● **Exercise prompt**
Determine how many lines in the material below contain the string "ultimately", then state only that count.

....

lemma skip_top_run_False: "skip_top_run r q h (replicate k False) = h + k"
  by (induction k arbitrary: h) (auto simp: skip_top_run_def skip_top_def)

lemma skip_top_run_True: "i + k \<le> r \<Longrightarrow> skip_top_run r q (2*i) (replicate k True) = 2*(i + k)"
proof (induction k arbitrary: i)
  case 0
  then show ?case by (simp add: skip_top_run_def)
next
  case (Suc k)
  have "skip_top_run r q (2*i) (replicate (Suc k) True) = skip_top_run r q (2*Suc i) (replicate k True)"
    using Suc.prems by (simp add: skip_top_run_def skip_top_def)
  also have "\<dots> = 2*(Suc i + k)" by (rule Suc.IH) (use Suc.prems in simp)
  finally show ?case by simp
qed

lemma skip_shape_reachable:
  assumes "2*r \<le> q" "skip_shape r q l m"
  shows "\<exists>w. length w = l \<and> skip_top_run r q 0 w = m"
  using assms(2) unfolding skip_shape_def
proof (elim conjE disjE)
  assume "l \<le> m" "m - l \<le> l" "m - l \<le> r"
  define w where "w = replicate (m - l) True @ replicate (l - (m - l)) False"
  have "skip_top_run r q 0 w = 2*(m - l) + (l - (m - l))"
    unfolding w_def skip_top_run_append using skip_top_run_True[of 0 "m - l" r q] \<open>m - l \<le> r\<close>
    by (simp add: skip_top_run_False)
  also have "\<dots> = m" using \<open>l \<le> m\<close> \<open>m - l \<le> l\<close> by arith
  finally have "skip_top_run r q 0 w = m" .
  moreover have "length w = l" using \<open>m - l \<le> l\<close> by (simp add: w_def)
  ultimately show ?thesis by blast
next
  assume "l \<le> m" "m - l = Suc r" "q + 1 - r \<le> l"
  define w where "w = replicate r True @ replicate (q - 2*r) False @ [True] @ replicate (l - (q + 1 - r)) False"
  have "skip_top_run r q 0 (replicate r True) = 2*r" using skip_top_run_True[of 0 r r q] by simp
  moreover have "skip_top_run r q q [True] = q + 2" by (simp add: skip_top_run_def skip_top_def)
  ultimately have "skip_top_run r q 0 w = q + 2 + (l - (q + 1 - r))"
    using assms(1) unfolding w_def skip_top_run_append by (simp add: skip_top_run_False)
  moreover have "length w = l" using assms(1) \<open>q + 1 - r \<le> l\<close> by (simp add: w_def)
  ultimately show ?thesis using \<open>l \<le> m\<close> \<open>m - l = Suc r\<close> \<open>q + 1 - r \<le> l\<close> assms(1) by (intro exI[of _ w]) auto
qed

definition skip_pairs :: "nat \<Rightarrow> nat \<Rightarrow> nat \<Rightarrow> (nat \<times> nat) set" where
  "skip_pairs n r q = {(l, m). m < n \<and> skip_shape r q l m}"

....

● **Answer for the task**
3